Analysis and Visualization

Bar Plot

Using the ggplot2 package, we created a bar plot that shows the total frequency of each data science skill mentioned in the jobboards, ranked from highest to lowest. ##Treemap Using the treemap package, we create a treemap to show the percentage of each data science skill in respect to total.

Word Cloud

Using the wordcloud package, we decided to visually determine the most popular words in our data set.

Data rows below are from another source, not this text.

lemma relation_of_mem_Idl_image:
  assumes A: "cring A" and B: "cring B" and g: "g \<in> ring_hom A B" and J: "ideal J A"
    and x: "x \<in> carrier A" and gx: "g x \<in> Idl\<^bsub>B\<^esub> (g ` J)"
  obtains k r s where "r k = x" "s k = \<one>\<^bsub>B\<^esub>" "\<forall>i<k. r i \<in> J" "\<forall>i<Suc k. r i \<in> carrier A"
    "\<forall>i<Suc k. s i \<in> carrier B" "finsum B (\<lambda>i. g (r i) \<otimes>\<^bsub>B\<^esub> s i) {..<Suc k} = \<zero>\<^bsub>B\<^esub>"
proof -
  interpret A: cring A by (rule A)
  interpret B: cring B by (rule B)
  have gJ: "g ` J \<subseteq> carrier B" using ideal_subset_carrier[OF J] ring_hom_closed[OF g] by blast
  obtain k :: nat and u t where ut: "\<forall>i<k. u i \<in> g ` J \<and> t i \<in> carrier B"
    "g x = finsum B (\<lambda>i. u i \<otimes>\<^bsub>B\<^esub> t i) {..<k}"
    using gx B.Idl_subset_lin_combs[OF gJ] unfolding lin_combs_def by blast
  have "\<forall>i. \<exists>r. i < k \<longrightarrow> r \<in> J \<and> u i = g r" using ut(1) by blast
  then obtain r0 where r0: "\<And>i. i < k \<Longrightarrow> r0 i \<in> J \<and> u i = g (r0 i)" by metis
  define r where "r i = (if i < k then r0 i else x)" for i
  define s where "s i = (if i < k then \<ominus>\<^bsub>B\<^esub> t i else \<one>\<^bsub>B\<^esub>)" for i
  have rJ: "\<forall>i<k. r i \<in> J" using r0 unfolding r_def by simp
  have rc: "\<forall>i<Suc k. r i \<in> carrier A"
    using rJ x ideal_subset_carrier[OF J] unfolding r_def by (auto simp: less_Suc_eq)
  have sc: "\<forall>i<Suc k. s i \<in> carrier B" using ut(1) unfolding s_def by auto
  have uc: "\<And>i. i < k \<Longrightarrow> u i \<in> carrier B" using ut(1) gJ by blast
  have gxc: "g x \<in> carrier B" by (rule ring_hom_closed[OF g x])
  have "finsum B (\<lambda>i. g (r i) \<otimes>\<^bsub>B\<^esub> s i) {..<Suc k}
      = g x \<oplus>\<^bsub>B\<^esub> finsum B (\<lambda>i. g (r i) \<otimes>\<^bsub>B\<^esub> s i) {..<k}"
    using B.finsum_lessThan_Suc[of k "\<lambda>i. g (r i) \<otimes>\<^bsub>B\<^esub> s i"] rc sc ring_hom_closed[OF g]
    unfolding r_def s_def by (simp add: gxc)
  also have "finsum B (\<lambda>i. g (r i) \<otimes>\<^bsub>B\<^esub> s i) {..<k}
      = finsum B (\<lambda>i. (\<ominus>\<^bsub>B\<^esub> \<one>\<^bsub>B\<^esub>) \<otimes>\<^bsub>B\<^esub> (u i \<otimes>\<^bsub>B\<^esub> t i)) {..<k}"
  proof (rule B.finsum_cong')
    fix i assume "i \<in> {..<k}"
    then have i: "i < k" by simp
    have "g (r i) \<otimes>\<^bsub>B\<^esub> s i = u i \<otimes>\<^bsub>B\<^esub> (\<ominus>\<^bsub>B\<^esub> t i)" unfolding r_def s_def using i r0 by simp
    also have "\<dots> = (\<ominus>\<^bsub>B\<^esub> \<one>\<^bsub>B\<^esub>) \<otimes>\<^bsub>B\<^esub> (u i \<otimes>\<^bsub>B\<^esub> t i)" using uc[OF i] ut(1) i by algebra
    finally show "g (r i) \<otimes>\<^bsub>B\<^esub> s i = (\<ominus>\<^bsub>B\<^esub> \<one>\<^bsub>B\<^esub>) \<otimes>\<^bsub>B\<^esub> (u i \<otimes>\<^bsub>B\<^esub> t i)" .
  qed (use uc ut(1) in auto)
  also have "\<dots> = (\<ominus>\<^bsub>B\<^esub> \<one>\<^bsub>B\<^esub>) \<otimes>\<^bsub>B\<^esub> g x"
    unfolding ut(2) by (rule B.finsum_rdistr[symmetric]) (use uc ut(1) in auto)
  also have "g x \<oplus>\<^bsub>B\<^esub> (\<ominus>\<^bsub>B\<^esub> \<one>\<^bsub>B\<^esub>) \<otimes>\<^bsub>B\<^esub> g x = \<zero>\<^bsub>B\<^esub>" using gxc by algebra
  finally have "finsum B (\<lambda>i. g (r i) \<otimes>\<^bsub>B\<^esub> s i) {..<Suc k} = \<zero>\<^bsub>B\<^esub>" .
  from that[OF _ _ rJ rc sc this] show thesis by (simp add: r_def s_def)
qed

text \<open>A flat local homomorphism is faithfully flat; here in the form \<open>JB \<inter> A = J\<close>. Flatness
  splits the relation \<open>g(x) \<cdot> 1 + \<Sum> g(r\<^sub>i) s\<^sub>i = 0\<close>; since \<open>1 \<notin> m\<^sub>B\<close>, one of the coefficients
  of \<open>x\<close> so obtained is a unit.\<close>

lemma flat_local_contraction:
  assumes A: "local_ring A" and B: "local_ring B" and g: "g \<in> ring_hom A B"
    and g_local: "g ` max_ideal A \<subseteq> max_ideal B" and flat: "flat_hom A B g"
    and J: "ideal J A" and x: "x \<in> carrier A" and gx: "g x \<in> Idl\<^bsub>B\<^esub> (g ` J)"
  shows "x \<in> J"
proof -
  interpret A: cring A by (rule local_ring_cring[OF A])
  interpret B: cring B by (rule local_ring_cring[OF B])
  obtain k r s where rel: "r k = x" "s k = \<one>\<^bsub>B\<^esub>" "\<forall>i<k. r i \<in> J" "\<forall>i<Suc k. r i \<in> carrier A"
    "\<forall>i<Suc k. s i \<in> carrier B" "finsum B (\<lambda>i. g (r i) \<otimes>\<^bsub>B\<^esub> s i) {..<Suc k} = \<zero>\<^bsub>B\<^esub>"
    by (rule relation_of_mem_Idl_image[OF A.is_cring B.is_cring g J x gx])
  have images: "r ` {..<Suc k} \<subseteq> carrier A" "s ` {..<Suc k} \<subseteq> carrier B" using rel(4,5) by auto
  obtain l :: nat and a y where y: "y ` {..<l} \<subseteq> carrier B" and a: "\<forall>i<Suc k. \<forall>j<l. a i j \<in> carrier A"
    and s: "\<forall>i<Suc k. s i = finsum B (\<lambda>j. g (a i j) \<otimes>\<^bsub>B\<^esub> y j) {..<l}"
    and r: "\<forall>j<l. finsum A (\<lambda>i. r i \<otimes>\<^bsub>A\<^esub> a i j) {..<Suc k} = \<zero>\<^bsub>A\<^esub>"
    using flat unfolding flat_hom_def
    by (elim allE[of _ "Suc k"] allE[of _ r] allE[of _ s]) (use images rel(6) in blast)
  have "\<exists>j<l. a k j \<notin> max_ideal A"
  proof (rule ccontr)
    assume none: "\<not> (\<exists>j<l. a k j \<notin> max_ideal A)"
    have "g (a k j) \<otimes>\<^bsub>B\<^esub> y j \<in> max_ideal B" if j: "j < l" for j
    proof -
      have "g (a k j) \<in> max_ideal B" using none j g_local by blast
      moreover have "y j \<in> carrier B" using y j by blast
      ultimately show ?thesis by (rule ideal.I_r_closed[OF ideal_max_ideal[OF B]])
    qed
    then have "finsum B (\<lambda>j. g (a k j) \<otimes>\<^bsub>B\<^esub> y j) {..<l} \<in> max_ideal B"
      by (rule B.finsum_in_ideal[OF ideal_max_ideal[OF B]])
    moreover have "finsum B (\<lambda>j. g (a k j) \<otimes>\<^bsub>B\<^esub> y j) {..<l} = \<one>\<^bsub>B\<^esub>"
      using s rel(2) by simp
    ultimately show False using one_notin_max_ideal[OF B] by simp
  qed
  then obtain j where j: "j < l" "a k j \<notin> max_ideal A" by blast
  have akj: "a k j \<in> carrier A" using a j(1) by simp
  have terms: "\<And>i. i < Suc k \<Longrightarrow> r i \<otimes>\<^bsub>A\<^esub> a i j \<in> carrier A" using rel(4) a j(1) by simp
  have rest: "finsum A (\<lambda>i. r i \<otimes>\<^bsub>A\<^esub> a i j) {..<k} \<in> J"
  proof (rule A.finsum_in_ideal[OF J])
    fix i assume "i < k"
    then show "r i \<otimes>\<^bsub>A\<^esub> a i j \<in> J" using rel(3) a j(1) by (intro ideal.I_r_closed[OF J]) simp_all
  qed
  have "\<zero>\<^bsub>A\<^esub> = finsum A (\<lambda>i. r i \<otimes>\<^bsub>A\<^esub> a i j) {..<Suc k}" using r j(1) by simp
  also have "\<dots> = x \<otimes>\<^bsub>A\<^esub> a k j \<oplus>\<^bsub>A\<^esub> finsum A (\<lambda>i. r i \<otimes>\<^bsub>A\<^esub> a i j) {..<k}"
    unfolding rel(1)[symmetric] by (rule A.finsum_lessThan_Suc[OF terms])
  finally have "x \<otimes>\<^bsub>A\<^esub> a k j = \<ominus>\<^bsub>A\<^esub> finsum A (\<lambda>i. r i \<otimes>\<^bsub>A\<^esub> a i j) {..<k}"
    using A.sum_zero_eq_neg[OF _ ideal.Icarr[OF J rest]] x akj by simp
  also have "\<dots> \<in> J" using rest J by (simp add: additive_subgroup.a_inv_closed ideal.axioms(1))
  finally have "a k j \<otimes>\<^bsub>A\<^esub> x \<in> J" by (simp only: A.m_comm[OF x akj])
  then show "x \<in> J" by (rule A.local_ring_ideal_cancel[OF A J akj j(2) x])
qed

lemma quot_length_le_flat_extension:
  assumes A: "local_ring A" and B: "local_ring B" and g: "g \<in> ring_hom A B"
    and g_local: "g ` max_ideal A \<subseteq> max_ideal B" and flat: "flat_hom A B g" and I: "ideal I A"
  shows "quot_length A I \<le> quot_length B (Idl\<^bsub>B\<^esub> (g ` I))"
  unfolding quot_length_eq_ideal_length
proof (rule ideal_length_le_of_strict_map[where h = "\<lambda>K. Idl\<^bsub>B\<^esub> (g ` K)"])
  interpret B: cring B by (rule local_ring_cring[OF B])
  fix K assume K: "ideal K A" "I \<subseteq> K" "K \<subseteq> carrier A"
  have gK: "g ` K \<subseteq> carrier B" using K(3) ring_hom_closed[OF g] by blast
  have "ideal (Idl\<^bsub>B\<^esub> (g ` K)) B" by (rule B.genideal_ideal[OF gK])
  moreover have "Idl\<^bsub>B\<^esub> (g ` I) \<subseteq> Idl\<^bsub>B\<^esub> (g ` K)" using K(2) by (intro B.subset_Idl_subset[OF gK]) blast
  ultimately show "ideal (Idl\<^bsub>B\<^esub> (g ` K)) B \<and> Idl\<^bsub>B\<^esub> (g ` I) \<subseteq> Idl\<^bsub>B\<^esub> (g ` K) \<and>
      Idl\<^bsub>B\<^esub> (g ` K) \<subseteq> carrier B"
    using ideal_subset_carrier by blast
next
  interpret B: cring B by (rule local_ring_cring[OF B])
  fix K K' assume K: "ideal K A" "ideal K' A" "K \<subset> K'"
  have gK': "g ` K' \<subseteq> carrier B" using ideal_subset_carrier[OF K(2)] ring_hom_closed[OF g] by blast
  have sub: "Idl\<^bsub>B\<^esub> (g ` K) \<subseteq> Idl\<^bsub>B\<^esub> (g ` K')" using K(3) by (intro B.subset_Idl_subset[OF gK']) blast
  obtain x where x: "x \<in> K'" "x \<notin> K" using K(3) by blast
  have "g x \<in> Idl\<^bsub>B\<^esub> (g ` K')" using x(1) B.genideal_self[OF gK'] by blast
  moreover have "g x \<notin> Idl\<^bsub>B\<^esub> (g ` K)"
    using flat_local_contraction[OF A B g g_local flat K(1)] x ideal_subset_carrier[OF K(2)] by blast
  ultimately show "Idl\<^bsub>B\<^esub> (g ` K) \<subset> Idl\<^bsub>B\<^esub> (g ` K')" using sub by blast
qed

We used Data Science Tutorial YouTube Channel YouTube.com as a reference.

Conclusions

We observed the top five keyword/skills mentioned by post throughout the different platforms were Machine Learning, Analysis, Statistics, Computer Science and Communication. These keywords/skills ranked differently across platforms.

In LinkedIn, the rank was as follows: Machine Learning, Analysis, Statistics, Computer Science and Communication.

In Indeed and Simply Hired, the rank was as follows: Analysis, Machine Learning, Statistics, Computer Science and Communication.

In Monster, the rank was as follows: Analysis, Statistics, Machine Learning, Communication and Computer Science.